▼▼▼

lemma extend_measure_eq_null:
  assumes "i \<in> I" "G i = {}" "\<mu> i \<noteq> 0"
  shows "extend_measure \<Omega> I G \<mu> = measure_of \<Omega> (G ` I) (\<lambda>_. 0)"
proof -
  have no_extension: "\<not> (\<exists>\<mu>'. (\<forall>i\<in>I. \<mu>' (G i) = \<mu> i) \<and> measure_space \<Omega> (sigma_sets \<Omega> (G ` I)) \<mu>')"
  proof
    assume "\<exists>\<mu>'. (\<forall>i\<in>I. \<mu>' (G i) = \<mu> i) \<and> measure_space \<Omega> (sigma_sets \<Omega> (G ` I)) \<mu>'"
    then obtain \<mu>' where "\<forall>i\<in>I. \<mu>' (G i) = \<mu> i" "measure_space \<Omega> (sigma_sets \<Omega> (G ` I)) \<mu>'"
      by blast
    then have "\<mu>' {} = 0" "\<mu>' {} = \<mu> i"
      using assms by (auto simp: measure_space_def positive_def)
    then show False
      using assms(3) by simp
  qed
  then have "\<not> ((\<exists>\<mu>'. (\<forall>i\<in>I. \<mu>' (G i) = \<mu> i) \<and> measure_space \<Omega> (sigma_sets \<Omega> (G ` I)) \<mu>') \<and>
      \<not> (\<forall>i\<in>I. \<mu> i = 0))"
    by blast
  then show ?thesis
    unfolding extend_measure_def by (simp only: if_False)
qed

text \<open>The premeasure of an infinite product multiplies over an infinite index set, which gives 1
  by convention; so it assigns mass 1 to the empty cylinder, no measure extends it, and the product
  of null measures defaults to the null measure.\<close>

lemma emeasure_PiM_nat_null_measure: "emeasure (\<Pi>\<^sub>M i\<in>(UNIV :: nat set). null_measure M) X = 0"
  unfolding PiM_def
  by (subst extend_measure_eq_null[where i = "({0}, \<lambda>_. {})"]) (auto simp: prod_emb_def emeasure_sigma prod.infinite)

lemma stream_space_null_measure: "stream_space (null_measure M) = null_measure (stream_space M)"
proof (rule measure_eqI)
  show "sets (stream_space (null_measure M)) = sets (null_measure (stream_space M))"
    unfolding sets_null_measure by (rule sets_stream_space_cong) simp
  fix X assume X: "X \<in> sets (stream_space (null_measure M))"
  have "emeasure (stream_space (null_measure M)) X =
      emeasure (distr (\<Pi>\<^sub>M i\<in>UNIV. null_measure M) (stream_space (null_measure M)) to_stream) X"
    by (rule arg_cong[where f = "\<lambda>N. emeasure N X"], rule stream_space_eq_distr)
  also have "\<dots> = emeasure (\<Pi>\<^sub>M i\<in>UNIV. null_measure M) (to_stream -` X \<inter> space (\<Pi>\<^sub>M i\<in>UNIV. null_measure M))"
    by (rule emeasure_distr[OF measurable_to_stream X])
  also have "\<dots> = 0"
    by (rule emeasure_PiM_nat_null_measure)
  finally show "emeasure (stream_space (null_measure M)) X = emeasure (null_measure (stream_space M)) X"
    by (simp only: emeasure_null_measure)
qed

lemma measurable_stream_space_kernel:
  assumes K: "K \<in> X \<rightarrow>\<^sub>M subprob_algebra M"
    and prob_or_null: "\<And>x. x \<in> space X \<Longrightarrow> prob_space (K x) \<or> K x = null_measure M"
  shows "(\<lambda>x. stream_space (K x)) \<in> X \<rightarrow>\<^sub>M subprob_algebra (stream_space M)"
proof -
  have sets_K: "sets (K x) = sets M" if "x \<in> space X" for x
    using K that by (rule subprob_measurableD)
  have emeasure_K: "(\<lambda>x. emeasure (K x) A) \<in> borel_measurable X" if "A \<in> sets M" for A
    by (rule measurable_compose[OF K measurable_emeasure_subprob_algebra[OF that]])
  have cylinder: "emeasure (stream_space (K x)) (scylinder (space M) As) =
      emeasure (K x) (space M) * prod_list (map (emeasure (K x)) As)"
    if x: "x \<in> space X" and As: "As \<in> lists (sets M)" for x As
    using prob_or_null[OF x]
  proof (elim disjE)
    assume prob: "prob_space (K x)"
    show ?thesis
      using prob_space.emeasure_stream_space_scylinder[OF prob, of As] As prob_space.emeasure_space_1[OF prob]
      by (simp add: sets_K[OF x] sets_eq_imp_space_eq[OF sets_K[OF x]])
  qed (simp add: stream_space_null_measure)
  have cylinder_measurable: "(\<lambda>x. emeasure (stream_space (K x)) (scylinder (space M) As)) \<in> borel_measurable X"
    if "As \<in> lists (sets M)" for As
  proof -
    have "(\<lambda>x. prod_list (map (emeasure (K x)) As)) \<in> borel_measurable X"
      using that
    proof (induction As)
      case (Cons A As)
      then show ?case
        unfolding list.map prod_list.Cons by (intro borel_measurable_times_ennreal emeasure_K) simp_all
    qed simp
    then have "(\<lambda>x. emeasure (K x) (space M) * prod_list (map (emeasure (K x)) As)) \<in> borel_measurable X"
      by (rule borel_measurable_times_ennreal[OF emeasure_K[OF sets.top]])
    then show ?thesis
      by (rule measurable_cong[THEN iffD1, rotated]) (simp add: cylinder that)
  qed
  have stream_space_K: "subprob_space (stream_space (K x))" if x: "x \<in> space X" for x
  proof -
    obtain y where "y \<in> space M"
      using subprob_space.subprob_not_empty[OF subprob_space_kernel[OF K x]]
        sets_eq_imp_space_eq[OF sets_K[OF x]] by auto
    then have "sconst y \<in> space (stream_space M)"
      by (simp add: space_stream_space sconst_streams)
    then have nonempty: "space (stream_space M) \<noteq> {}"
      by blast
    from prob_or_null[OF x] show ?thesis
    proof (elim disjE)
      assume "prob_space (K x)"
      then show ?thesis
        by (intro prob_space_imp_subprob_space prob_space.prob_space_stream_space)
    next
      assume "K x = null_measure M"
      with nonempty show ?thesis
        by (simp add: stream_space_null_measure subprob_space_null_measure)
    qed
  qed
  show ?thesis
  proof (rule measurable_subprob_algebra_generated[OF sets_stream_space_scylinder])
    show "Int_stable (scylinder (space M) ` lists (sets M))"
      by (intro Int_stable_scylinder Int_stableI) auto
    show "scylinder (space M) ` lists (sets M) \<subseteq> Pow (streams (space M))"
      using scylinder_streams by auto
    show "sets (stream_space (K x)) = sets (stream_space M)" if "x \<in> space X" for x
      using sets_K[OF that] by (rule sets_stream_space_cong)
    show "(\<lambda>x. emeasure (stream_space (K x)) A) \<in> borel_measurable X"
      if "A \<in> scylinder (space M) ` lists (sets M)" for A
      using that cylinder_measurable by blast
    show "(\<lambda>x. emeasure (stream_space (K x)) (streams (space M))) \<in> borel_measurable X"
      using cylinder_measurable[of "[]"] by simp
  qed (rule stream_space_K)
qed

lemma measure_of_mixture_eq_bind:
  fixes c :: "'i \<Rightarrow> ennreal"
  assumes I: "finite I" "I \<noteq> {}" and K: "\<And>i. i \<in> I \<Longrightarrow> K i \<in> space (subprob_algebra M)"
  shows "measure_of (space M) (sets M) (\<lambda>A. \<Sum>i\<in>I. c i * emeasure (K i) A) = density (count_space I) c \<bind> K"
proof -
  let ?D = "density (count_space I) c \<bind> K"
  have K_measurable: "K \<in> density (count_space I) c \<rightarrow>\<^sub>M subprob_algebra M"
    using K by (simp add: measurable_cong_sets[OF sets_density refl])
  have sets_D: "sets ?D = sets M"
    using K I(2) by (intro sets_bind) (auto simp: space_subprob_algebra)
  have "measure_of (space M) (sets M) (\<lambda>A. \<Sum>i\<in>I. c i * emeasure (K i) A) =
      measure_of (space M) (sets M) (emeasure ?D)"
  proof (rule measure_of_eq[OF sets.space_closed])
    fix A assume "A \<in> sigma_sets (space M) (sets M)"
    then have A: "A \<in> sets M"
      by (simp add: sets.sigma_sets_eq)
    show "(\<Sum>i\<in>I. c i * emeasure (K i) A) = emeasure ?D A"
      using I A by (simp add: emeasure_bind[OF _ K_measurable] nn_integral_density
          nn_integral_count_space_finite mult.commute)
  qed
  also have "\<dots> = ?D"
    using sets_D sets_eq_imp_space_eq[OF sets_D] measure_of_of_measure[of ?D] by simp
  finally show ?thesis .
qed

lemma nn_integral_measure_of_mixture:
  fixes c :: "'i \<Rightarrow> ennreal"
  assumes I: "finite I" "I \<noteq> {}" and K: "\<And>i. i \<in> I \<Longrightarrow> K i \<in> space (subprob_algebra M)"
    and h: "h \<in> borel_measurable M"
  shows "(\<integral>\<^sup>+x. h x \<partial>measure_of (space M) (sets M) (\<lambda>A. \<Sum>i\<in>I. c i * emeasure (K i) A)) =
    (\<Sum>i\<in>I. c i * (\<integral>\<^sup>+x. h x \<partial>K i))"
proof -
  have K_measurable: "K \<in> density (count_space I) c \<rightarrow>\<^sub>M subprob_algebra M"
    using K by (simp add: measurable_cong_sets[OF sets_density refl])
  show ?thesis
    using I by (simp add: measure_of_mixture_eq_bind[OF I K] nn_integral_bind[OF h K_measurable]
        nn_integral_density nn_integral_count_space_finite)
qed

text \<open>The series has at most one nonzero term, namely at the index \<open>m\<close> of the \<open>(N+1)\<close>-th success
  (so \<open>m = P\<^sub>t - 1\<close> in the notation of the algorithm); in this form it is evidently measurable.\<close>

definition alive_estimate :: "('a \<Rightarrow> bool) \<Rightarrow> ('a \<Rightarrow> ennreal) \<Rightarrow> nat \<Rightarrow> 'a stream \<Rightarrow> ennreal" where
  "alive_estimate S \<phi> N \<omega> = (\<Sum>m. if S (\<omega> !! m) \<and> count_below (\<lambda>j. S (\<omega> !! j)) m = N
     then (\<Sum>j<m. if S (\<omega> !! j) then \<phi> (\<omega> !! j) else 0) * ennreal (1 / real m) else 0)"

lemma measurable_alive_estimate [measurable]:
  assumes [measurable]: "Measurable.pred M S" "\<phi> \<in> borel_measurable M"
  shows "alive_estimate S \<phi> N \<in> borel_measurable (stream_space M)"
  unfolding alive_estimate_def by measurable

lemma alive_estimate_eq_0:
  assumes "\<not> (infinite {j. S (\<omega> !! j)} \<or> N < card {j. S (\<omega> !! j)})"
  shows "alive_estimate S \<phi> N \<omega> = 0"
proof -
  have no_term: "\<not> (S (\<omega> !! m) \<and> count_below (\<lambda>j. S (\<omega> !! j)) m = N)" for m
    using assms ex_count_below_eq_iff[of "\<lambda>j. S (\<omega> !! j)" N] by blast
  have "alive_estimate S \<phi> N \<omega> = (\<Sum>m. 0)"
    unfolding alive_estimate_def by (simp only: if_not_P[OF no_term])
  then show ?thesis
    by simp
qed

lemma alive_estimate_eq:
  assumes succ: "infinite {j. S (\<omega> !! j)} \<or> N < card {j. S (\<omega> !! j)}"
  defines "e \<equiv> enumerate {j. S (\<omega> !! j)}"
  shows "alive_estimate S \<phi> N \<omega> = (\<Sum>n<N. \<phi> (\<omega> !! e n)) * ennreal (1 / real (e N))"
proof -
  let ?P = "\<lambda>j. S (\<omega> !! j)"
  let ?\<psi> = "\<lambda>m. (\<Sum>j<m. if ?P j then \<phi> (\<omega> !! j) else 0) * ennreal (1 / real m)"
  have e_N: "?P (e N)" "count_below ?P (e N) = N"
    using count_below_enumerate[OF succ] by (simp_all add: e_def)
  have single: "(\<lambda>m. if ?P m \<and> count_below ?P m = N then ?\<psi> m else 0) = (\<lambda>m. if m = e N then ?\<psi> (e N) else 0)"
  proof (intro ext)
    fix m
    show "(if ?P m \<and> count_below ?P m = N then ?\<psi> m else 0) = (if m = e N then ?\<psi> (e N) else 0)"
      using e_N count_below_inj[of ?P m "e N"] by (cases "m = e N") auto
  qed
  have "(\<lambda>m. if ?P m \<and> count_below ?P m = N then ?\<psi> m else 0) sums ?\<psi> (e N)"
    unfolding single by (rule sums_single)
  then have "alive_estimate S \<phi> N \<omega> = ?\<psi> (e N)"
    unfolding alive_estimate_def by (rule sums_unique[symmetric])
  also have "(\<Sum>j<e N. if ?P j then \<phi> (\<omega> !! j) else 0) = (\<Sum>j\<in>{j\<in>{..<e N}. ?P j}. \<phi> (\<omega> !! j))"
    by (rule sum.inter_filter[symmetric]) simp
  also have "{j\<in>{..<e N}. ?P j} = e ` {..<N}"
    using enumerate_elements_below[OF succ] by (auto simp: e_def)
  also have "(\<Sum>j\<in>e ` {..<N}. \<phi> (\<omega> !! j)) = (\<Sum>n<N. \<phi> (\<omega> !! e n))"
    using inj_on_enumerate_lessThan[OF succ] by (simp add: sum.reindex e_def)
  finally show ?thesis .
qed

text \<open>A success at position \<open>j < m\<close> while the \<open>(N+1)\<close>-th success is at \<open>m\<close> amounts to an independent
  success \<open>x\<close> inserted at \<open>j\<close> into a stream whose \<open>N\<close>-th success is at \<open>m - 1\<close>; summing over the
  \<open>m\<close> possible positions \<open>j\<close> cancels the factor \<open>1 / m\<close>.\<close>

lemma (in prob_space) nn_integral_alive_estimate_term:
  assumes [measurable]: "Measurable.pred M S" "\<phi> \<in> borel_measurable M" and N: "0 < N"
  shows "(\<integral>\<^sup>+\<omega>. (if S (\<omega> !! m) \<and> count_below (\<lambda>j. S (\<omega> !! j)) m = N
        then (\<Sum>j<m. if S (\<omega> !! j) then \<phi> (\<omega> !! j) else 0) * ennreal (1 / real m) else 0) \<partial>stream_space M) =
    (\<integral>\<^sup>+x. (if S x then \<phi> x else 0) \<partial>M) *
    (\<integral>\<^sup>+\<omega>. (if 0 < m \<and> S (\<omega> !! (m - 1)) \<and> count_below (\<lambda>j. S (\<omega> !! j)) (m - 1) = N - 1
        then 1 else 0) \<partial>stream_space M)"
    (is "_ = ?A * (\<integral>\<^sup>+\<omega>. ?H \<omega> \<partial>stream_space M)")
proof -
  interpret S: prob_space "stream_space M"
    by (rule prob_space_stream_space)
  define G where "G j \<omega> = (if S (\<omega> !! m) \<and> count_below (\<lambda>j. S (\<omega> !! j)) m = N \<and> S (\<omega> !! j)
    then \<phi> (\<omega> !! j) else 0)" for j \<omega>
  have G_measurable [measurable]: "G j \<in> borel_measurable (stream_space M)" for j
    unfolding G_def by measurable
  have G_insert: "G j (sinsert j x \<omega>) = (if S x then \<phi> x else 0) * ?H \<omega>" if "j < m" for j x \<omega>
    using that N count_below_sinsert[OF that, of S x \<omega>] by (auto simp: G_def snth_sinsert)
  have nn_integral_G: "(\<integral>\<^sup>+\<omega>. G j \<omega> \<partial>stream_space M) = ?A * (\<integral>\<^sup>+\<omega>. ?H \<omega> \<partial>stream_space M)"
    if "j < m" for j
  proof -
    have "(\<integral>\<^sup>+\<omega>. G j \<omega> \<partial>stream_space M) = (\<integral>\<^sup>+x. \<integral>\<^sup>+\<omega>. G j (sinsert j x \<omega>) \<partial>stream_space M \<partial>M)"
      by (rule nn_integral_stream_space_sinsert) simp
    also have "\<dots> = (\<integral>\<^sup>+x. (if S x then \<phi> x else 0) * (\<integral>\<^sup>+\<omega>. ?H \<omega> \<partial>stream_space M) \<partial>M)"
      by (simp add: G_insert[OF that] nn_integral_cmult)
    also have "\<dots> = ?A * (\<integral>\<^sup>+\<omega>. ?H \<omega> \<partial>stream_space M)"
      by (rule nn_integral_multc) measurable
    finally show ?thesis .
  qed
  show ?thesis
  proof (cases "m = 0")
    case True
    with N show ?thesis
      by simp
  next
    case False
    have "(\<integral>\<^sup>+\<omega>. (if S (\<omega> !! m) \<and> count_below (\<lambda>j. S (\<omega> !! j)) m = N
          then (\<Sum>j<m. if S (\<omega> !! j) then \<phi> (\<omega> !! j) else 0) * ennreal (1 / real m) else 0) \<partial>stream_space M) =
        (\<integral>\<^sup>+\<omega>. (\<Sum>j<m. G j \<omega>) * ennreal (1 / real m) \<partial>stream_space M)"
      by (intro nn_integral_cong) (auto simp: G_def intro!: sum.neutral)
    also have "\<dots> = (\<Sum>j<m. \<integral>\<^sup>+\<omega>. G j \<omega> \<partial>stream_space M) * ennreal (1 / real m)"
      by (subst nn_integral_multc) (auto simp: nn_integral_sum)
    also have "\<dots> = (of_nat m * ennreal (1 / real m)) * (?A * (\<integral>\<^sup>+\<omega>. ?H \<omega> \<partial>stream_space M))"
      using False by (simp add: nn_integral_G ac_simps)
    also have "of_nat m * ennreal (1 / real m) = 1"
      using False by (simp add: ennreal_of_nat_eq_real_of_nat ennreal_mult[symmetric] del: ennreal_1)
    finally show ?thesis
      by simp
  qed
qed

▲▲▲

Description of the task.
Spot the lines above that mention "cases" and copy them.

Response area.
      using e_N count_below_inj[of ?P m "e N"] by (cases "m = e N") auto
  proof (cases "m = 0")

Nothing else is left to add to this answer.